Show that if $u(x,t)$ is a solution of the heat equation \begin{equation*} u_t - k u_{xx} = 0 \,,\qquad (x\in R,\ t\geq0)\,, \end{equation*} then so is \begin{equation*} v(x,t) = \frac{1}{\sqrt{kt}} \exp\left( \frac{ -x^2}{4kt} \right) \ u( \frac{x}{kt}, - \frac{1}{k^2t}) \,. \end{equation*}
I am using Walter A. Strauss as text, and I try to follow "invariance properties", and I am trying to find a "dilated" function, but got confused on the negative sign before "$\frac{1}{k^2t}$" , I also referring to http://www.math.ucsb.edu/~grigoryan/124A/lecs/lec9.pdf, but it seems not same, so I am not sure where to start, can someone help me with a hint, an example or a better resources?
Thanks in advance!
You are supposed to derive $v$ with the purpose of verifying it is a solution.

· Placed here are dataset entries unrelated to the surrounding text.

(* Let $T$ be a strongly connected tournament on $n$ vertices which has an edge $e$ from $u$ to $v$ such that every directed cycle of $T$ contains $e$. Then the vertices of $T$ can be labeled $v_1,\ldots,v_n$ so that $T=D_n$, $u=v_n$ and $v=v_1$, where $D_n$ is the tournament in which, for $1\le i<j\le n$ with $(i,j)\ne(1,n)$, the edge between $v_i$ and $v_j$ is directed from $v_i$ to $v_j$, and the edge between $v_1$ and $v_n$ is directed from $v_n$ to $v_1$.
   Context: A tournament is an orientation of a complete graph; it is strongly connected if for any two vertices there is a directed path from each to the other. *)

theory Defs
  imports Main
begin

text \<open>A digraph is given by a vertex set V and an arc relation A (A x y: arc from x to y).\<close>

definition tournament :: "'a set \<Rightarrow> ('a \<Rightarrow> 'a \<Rightarrow> bool) \<Rightarrow> bool" where
  "tournament V A \<longleftrightarrow> finite V
     \<and> (\<forall>x y. A x y \<longrightarrow> x \<in> V \<and> y \<in> V)
     \<and> (\<forall>x. \<not> A x x)
     \<and> (\<forall>x\<in>V. \<forall>y\<in>V. x \<noteq> y \<longrightarrow> (A x y \<longleftrightarrow> \<not> A y x))"

definition strongly_connected :: "'a set \<Rightarrow> ('a \<Rightarrow> 'a \<Rightarrow> bool) \<Rightarrow> bool" where
  "strongly_connected V A \<longleftrightarrow> (\<forall>x\<in>V. \<forall>y\<in>V. A\<^sup>*\<^sup>* x y)"

definition dicycle :: "'a set \<Rightarrow> ('a \<Rightarrow> 'a \<Rightarrow> bool) \<Rightarrow> 'a list \<Rightarrow> bool" where
  "dicycle V A c \<longleftrightarrow> length c \<ge> 2 \<and> distinct c \<and> set c \<subseteq> V
     \<and> (\<forall>i < length c. A (c ! i) (c ! ((i + 1) mod length c)))"

definition cycle_contains_arc :: "'a list \<Rightarrow> 'a \<Rightarrow> 'a \<Rightarrow> bool" where
  "cycle_contains_arc c u v \<longleftrightarrow>
     (\<exists>i < length c. c ! i = u \<and> c ! ((i + 1) mod length c) = v)"

definition D_arc :: "nat \<Rightarrow> nat \<Rightarrow> nat \<Rightarrow> bool" where
  "D_arc n i j \<longleftrightarrow> (i < j \<and> (i, j) \<noteq> (1, n)) \<or> (i = n \<and> j = 1)"

end

theory Submission
  imports Defs "HOL-Library.Transitive_Closure_Table"
begin

text \<open>Deleting the arc \<open>uv\<close> leaves an acyclic digraph, so its vertices can be labelled
  \<open>1..n\<close> with every remaining arc going forward. Strong connectivity gives \<open>f 1\<close> an
  in-arc and \<open>f n\<close> an out-arc; neither can go forward, so both are \<open>uv\<close>, i.e.
  \<open>f 1 = v\<close> and \<open>f n = u\<close>. In a tournament every other pair is joined by exactly one
  arc, which must go forward, and this is precisely \<open>D\<^sub>n\<close>.\<close>

abbreviation delete_arc :: "('a \<Rightarrow> 'a \<Rightarrow> bool) \<Rightarrow> 'a \<Rightarrow> 'a \<Rightarrow> 'a \<Rightarrow> 'a \<Rightarrow> bool" where
  "delete_arc A u v \<equiv> \<lambda>x y. A x y \<and> (x, y) \<noteq> (u, v)"

definition topological_labelling ::
    "nat \<Rightarrow> (nat \<Rightarrow> 'a) \<Rightarrow> 'a set \<Rightarrow> ('a \<Rightarrow> 'a \<Rightarrow> bool) \<Rightarrow> bool" where
  "topological_labelling n f V B \<longleftrightarrow>
     bij_betw f {1..n} V \<and> (\<forall>i\<in>{1..n}. \<forall>j\<in>{1..n}. B (f i) (f j) \<longrightarrow> i < j)"

lemma tournament_arcs_in:
  "tournament V A \<Longrightarrow> A x y \<Longrightarrow> x \<in> V \<and> y \<in> V"
  unfolding tournament_def by blast

lemma tournament_irrefl: "tournament V A \<Longrightarrow> \<not> A x x"
  unfolding tournament_def by blast

lemma tournament_asym: "tournament V A \<Longrightarrow> A x y \<Longrightarrow> \<not> A y x"
  unfolding tournament_def by metis

lemma tournament_total:
  "tournament V A \<Longrightarrow> x \<in> V \<Longrightarrow> y \<in> V \<Longrightarrow> x \<noteq> y \<Longrightarrow> A x y \<or> A y x"
  unfolding tournament_def by blast

lemma dicycle_if_tranclp_loop:
  assumes "A\<^sup>+\<^sup>+ x x"
    and irrefl: "\<And>x. \<not> A x x" and arcs_in: "\<And>x y. A x y \<Longrightarrow> x \<in> V \<and> y \<in> V"
  obtains c where "dicycle V A c"
proof -
  obtain y where xy: "A x y" and "A\<^sup>*\<^sup>* y x"
    using \<open>A\<^sup>+\<^sup>+ x x\<close> by (metis tranclpD)
  then obtain ys where "rtrancl_path A y ys x"
    by (auto simp: rtranclp_eq_rtrancl_path)
  then obtain xs where path: "rtrancl_path A y xs x" and "distinct (y # xs)"
    by (rule rtrancl_path_distinct)
  have "xs \<noteq> []"
    using path xy irrefl by (auto elim: rtrancl_path.cases)
  have "dicycle V A (y # xs)"
    unfolding dicycle_def
  proof (intro conjI allI impI)
    show "2 \<le> length (y # xs)" using \<open>xs \<noteq> []\<close> by (cases xs) auto
    show "distinct (y # xs)" by fact
    have "z \<in> V" if "z \<in> set xs" for z
      using rtrancl_path_Range[OF path that] arcs_in by blast
    then show "set (y # xs) \<subseteq> V"
      using xy arcs_in by auto
    fix i assume i: "i < length (y # xs)"
    show "A ((y # xs) ! i) ((y # xs) ! ((i + 1) mod length (y # xs)))"
    proof (cases "i < length xs")
      case True
      then show ?thesis using rtrancl_path_nth[OF path True] by simp
    next
      case False
      then have "i = length xs" using i by simp
      moreover have "(y # xs) ! length xs = last xs"
        using \<open>xs \<noteq> []\<close> by (cases xs rule: rev_cases) (auto simp: nth_append)
      ultimately show ?thesis
        using rtrancl_path_last[OF path \<open>xs \<noteq> []\<close>] xy by simp
    qed
  qed
  then show thesis by (rule that)
qed

lemma acyclic_has_sink:
  assumes "finite V" "V \<noteq> {}" and acyclic: "\<And>x. \<not> B\<^sup>+\<^sup>+ x x"
  obtains s where "s \<in> V" "\<And>y. y \<in> V \<Longrightarrow> \<not> B s y"
proof -
  have "asymp_on V B\<^sup>+\<^sup>+"
    unfolding asymp_on_def using acyclic by (blast intro: tranclp_trans)
  moreover have "transp_on V B\<^sup>+\<^sup>+"
    unfolding transp_on_def by (blast intro: tranclp_trans)
  ultimately obtain s where s: "s \<in> V" and max: "\<forall>y\<in>V. y \<noteq> s \<longrightarrow> \<not> B\<^sup>+\<^sup>+ s y"
    using Finite_Set.bex_max_element[OF \<open>finite V\<close> _ _ \<open>V \<noteq> {}\<close>] by blast
  show thesis
  proof (rule that[OF s])
    fix y assume "y \<in> V"
    show "\<not> B s y"
    proof
      assume "B s y"
      then have "B\<^sup>+\<^sup>+ s y" by (rule tranclp.r_into_trancl)
      then show False using max \<open>y \<in> V\<close> acyclic by (cases "y = s") auto
    qed
  qed
qed

lemma topological_labelling_exists:
  assumes "finite V" "card V = n" and acyclic: "\<And>x. \<not> B\<^sup>+\<^sup>+ x x"
  shows "\<exists>f. topological_labelling n f V B"
  using assms(1,2)
proof (induction n arbitrary: V)
  case 0
  then have "V = {}" by simp
  then show ?case by (simp add: topological_labelling_def bij_betw_def)
next
  case (Suc n)
  have "V \<noteq> {}"
    using Suc.prems by auto
  then obtain s where s: "s \<in> V" and sink: "\<And>y. y \<in> V \<Longrightarrow> \<not> B s y"
    using acyclic_has_sink[OF \<open>finite V\<close> _ acyclic] by blast
  have "finite (V - {s})" "card (V - {s}) = n"
    using Suc.prems s by simp_all
  then obtain f where f: "topological_labelling n f (V - {s}) B"
    by (rule Suc.IH[THEN exE])
  define g where "g = f(Suc n := s)"
  have "g i = f i" if "i \<in> {1..n}" for i
    using that by (simp add: g_def)
  then have "bij_betw g {1..n} (V - {s})"
    using f bij_betw_cong unfolding topological_labelling_def by blast
  then have "bij_betw g ({1..n} \<union> {Suc n}) ((V - {s}) \<union> {g (Suc n)})"
    by (intro notIn_Un_bij_betw) (auto simp: g_def)
  moreover have "{1..n} \<union> {Suc n} = {1..Suc n}" "(V - {s}) \<union> {g (Suc n)} = V"
    using s by (auto simp: g_def)
  ultimately have bij: "bij_betw g {1..Suc n} V" by simp
  have "i < j" if "i \<in> {1..Suc n}" "j \<in> {1..Suc n}" "B (g i) (g j)" for i j
  proof (cases "i = Suc n")
    case True
    then show ?thesis using that sink bij_betw_apply[OF bij] by (auto simp: g_def)
  next
    case False
    then show ?thesis using f that by (cases "j = Suc n") (auto simp: topological_labelling_def g_def)
  qed
  with bij show ?case unfolding topological_labelling_def by blast
qed

lemma topological_labelling_no_arc_into_first:
  assumes "topological_labelling n f V B" "1 \<le> n" "w \<in> V"
  shows "\<not> B w (f 1)"
proof
  assume "B w (f 1)"
  obtain j where "j \<in> {1..n}" "w = f j"
    using assms(1,3) unfolding topological_labelling_def bij_betw_def by auto
  moreover have "1 \<in> {1..n}" using assms(2) by simp
  ultimately have "j < 1"
    using assms(1) \<open>B w (f 1)\<close> unfolding topological_labelling_def by blast
  then show False using \<open>j \<in> {1..n}\<close> by simp
qed

lemma topological_labelling_no_arc_out_of_last:
  assumes "topological_labelling n f V B" "1 \<le> n" "w \<in> V"
  shows "\<not> B (f n) w"
proof
  assume "B (f n) w"
  obtain j where "j \<in> {1..n}" "w = f j"
    using assms(1,3) unfolding topological_labelling_def bij_betw_def by auto
  moreover have "n \<in> {1..n}" using assms(2) by simp
  ultimately have "n < j"
    using assms(1) \<open>B (f n) w\<close> unfolding topological_labelling_def by blast
  then show False using \<open>j \<in> {1..n}\<close> by simp
qed

lemma strongly_connected_has_in_arc:
  assumes "strongly_connected V A" "x \<in> V" "y \<in> V" "x \<noteq> y"
  obtains w where "A w y"
  using assms unfolding strongly_connected_def by (metis rtranclp.cases)

lemma strongly_connected_has_out_arc:
  assumes "strongly_connected V A" "x \<in> V" "y \<in> V" "x \<noteq> y"
  obtains w where "A x w"
  using assms unfolding strongly_connected_def by (metis converse_rtranclpE)

lemma delete_arc_acyclic_if_all_dicycles_use_arc:
  assumes irrefl: "\<And>x. \<not> A x x" and arcs_in: "\<And>x y. A x y \<Longrightarrow> x \<in> V \<and> y \<in> V"
    and all_use: "\<forall>c. dicycle V A c \<longrightarrow> cycle_contains_arc c u v"
  shows "\<not> (delete_arc A u v)\<^sup>+\<^sup>+ x x"
proof
  assume "(delete_arc A u v)\<^sup>+\<^sup>+ x x"
  then obtain c where c: "dicycle V (delete_arc A u v) c"
    by (rule dicycle_if_tranclp_loop[where V = V]) (use irrefl arcs_in in auto)
  then have "dicycle V A c" by (auto simp: dicycle_def)
  then show False
    using all_use c by (auto simp: cycle_contains_arc_def dicycle_def)
qed

lemma topological_labelling_delete_arc_ends:
  assumes sc: "strongly_connected V A" and arcs_in: "\<And>x y. A x y \<Longrightarrow> x \<in> V \<and> y \<in> V"
    and lab: "topological_labelling n f V (delete_arc A u v)"
    and "u \<in> V" "v \<in> V" "u \<noteq> v"
  shows "f 1 = v" "f n = u"
proof -
  have "1 \<le> n"
    using lab \<open>u \<in> V\<close> by (auto simp: topological_labelling_def bij_betw_def)
  then have "f 1 \<in> V" "f n \<in> V"
    using lab by (auto simp: topological_labelling_def bij_betw_def)
  obtain x where "x \<in> V" "x \<noteq> f 1"
    using \<open>u \<in> V\<close> \<open>v \<in> V\<close> \<open>u \<noteq> v\<close> by blast
  then obtain w where "A w (f 1)"
    using strongly_connected_has_in_arc[OF sc] \<open>f 1 \<in> V\<close> by blast
  moreover have "\<not> delete_arc A u v w (f 1)"
    using topological_labelling_no_arc_into_first[OF lab \<open>1 \<le> n\<close>] arcs_in \<open>A w (f 1)\<close> by blast
  ultimately show "f 1 = v" by simp
  obtain y where "y \<in> V" "y \<noteq> f n"
    using \<open>u \<in> V\<close> \<open>v \<in> V\<close> \<open>u \<noteq> v\<close> by blast
  then obtain w' where "A (f n) w'"
    using strongly_connected_has_out_arc[OF sc] \<open>f n \<in> V\<close> by blast
  moreover have "\<not> delete_arc A u v (f n) w'"
    using topological_labelling_no_arc_out_of_last[OF lab \<open>1 \<le> n\<close>] arcs_in \<open>A (f n) w'\<close> by blast
  ultimately show "f n = u" by simp
qed

lemma tournament_arc_iff_D_arc:
  assumes T: "tournament V A" and "A u v" and "2 \<le> n"
    and lab: "topological_labelling n f V (delete_arc A u v)"
    and "f 1 = v" "f n = u" and i: "i \<in> {1..n}" and j: "j \<in> {1..n}"
  shows "A (f i) (f j) \<longleftrightarrow> D_arc n i j"
proof -
  have inj: "inj_on f {1..n}" and fV: "f i \<in> V" "f j \<in> V"
    using lab i j by (auto simp: topological_labelling_def bij_betw_def)
  have forward: "k < l"
    if "k \<in> {1..n}" "l \<in> {1..n}" "A (f k) (f l)" "(f k, f l) \<noteq> (u, v)" for k l
    using lab that by (auto simp: topological_labelling_def)
  have range_ends: "1 \<in> {1..n}" "n \<in> {1..n}" using \<open>2 \<le> n\<close> by auto
  consider "i = j" | "(i, j) = (1, n)" | "(i, j) = (n, 1)"
    | "i \<noteq> j" "(i, j) \<noteq> (1, n)" "(i, j) \<noteq> (n, 1)"
    by auto
  then show ?thesis
  proof cases
    case 1
    then show ?thesis using tournament_irrefl[OF T] \<open>2 \<le> n\<close> by (auto simp: D_arc_def)
  next
    case 2
    then show ?thesis using tournament_asym[OF T] \<open>A u v\<close> \<open>f 1 = v\<close> \<open>f n = u\<close> \<open>2 \<le> n\<close>
      by (auto simp: D_arc_def)
  next
    case 3
    then show ?thesis using \<open>A u v\<close> \<open>f 1 = v\<close> \<open>f n = u\<close> by (simp add: D_arc_def)
  next
    case 4
    have "(f i, f j) \<noteq> (u, v)" "(f j, f i) \<noteq> (u, v)"
      using 4 inj i j range_ends \<open>f 1 = v\<close> \<open>f n = u\<close> by (auto dest: inj_onD)
    moreover have "f i \<noteq> f j" using 4 inj i j by (auto dest: inj_onD)
    ultimately have "A (f i) (f j) \<longleftrightarrow> i < j"
      using tournament_total[OF T fV] tournament_asym[OF T] forward[OF i j] forward[OF j i] by auto
    then show ?thesis using 4 by (auto simp: D_arc_def)
  qed
qed

theorem mainTheorem11:
  fixes V :: "'a set" and A :: "'a \<Rightarrow> 'a \<Rightarrow> bool" and n :: nat and u v :: 'a
  assumes "tournament V A"
    and "card V = n"
    and "strongly_connected V A"
    and "A u v"
    and "\<forall>c. dicycle V A c \<longrightarrow> cycle_contains_arc c u v"
  shows "\<exists>f. bij_betw f {1..n} V \<and> f n = u \<and> f 1 = v
           \<and> (\<forall>i\<in>{1..n}. \<forall>j\<in>{1..n}. A (f i) (f j) \<longleftrightarrow> D_arc n i j)"
proof -
  note irrefl = tournament_irrefl[OF assms(1)] and arcs_in = tournament_arcs_in[OF assms(1)]
  have "finite V"
    using assms(1) unfolding tournament_def by blast
  have "u \<noteq> v" "u \<in> V" "v \<in> V"
    using irrefl arcs_in assms(4) by metis+
  then have "2 \<le> n"
    using assms(2) \<open>finite V\<close> by (metis card_2_iff card_mono empty_subsetI insert_subset)
  obtain f where lab: "topological_labelling n f V (delete_arc A u v)"
    using topological_labelling_exists[OF \<open>finite V\<close> assms(2)]
      delete_arc_acyclic_if_all_dicycles_use_arc[OF irrefl arcs_in assms(5)] by blast
  have ends: "f 1 = v" "f n = u"
    using topological_labelling_delete_arc_ends[OF assms(3) arcs_in lab \<open>u \<in> V\<close> \<open>v \<in> V\<close> \<open>u \<noteq> v\<close>]
    by auto
  have "bij_betw f {1..n} V"
    using lab unfolding topological_labelling_def by blast
  then show ?thesis
    using ends tournament_arc_iff_D_arc[OF assms(1,4) \<open>2 \<le> n\<close> lab ends] by blast
qed

end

You don't need to find any functions; you are given all the functions you need.
To get you started: the product and chain rule yield $$ \begin{split} v_x(x,t) &= \frac{1}{\sqrt{kt}} \frac{-2x}{4kt} \exp\left( \frac{ -x^2}{4kt} \right) \ u\left( \frac{x}{kt}, - \frac{1}{k^2t}\right) \\ &+ \frac{1}{\sqrt{kt}} \exp\left( \frac{ -x^2}{4kt} \right) \frac{1}{kt} \ u_x\left( \frac{x}{kt}, - \frac{1}{k^2t}\right) \end{split}$$
Next, take $x$ derivative again to find $v_{xx}$. (It will be the sum of five terms, some of which will be equal.) Finally, find $v_t$ and check that $v_t=kv_{xx}$.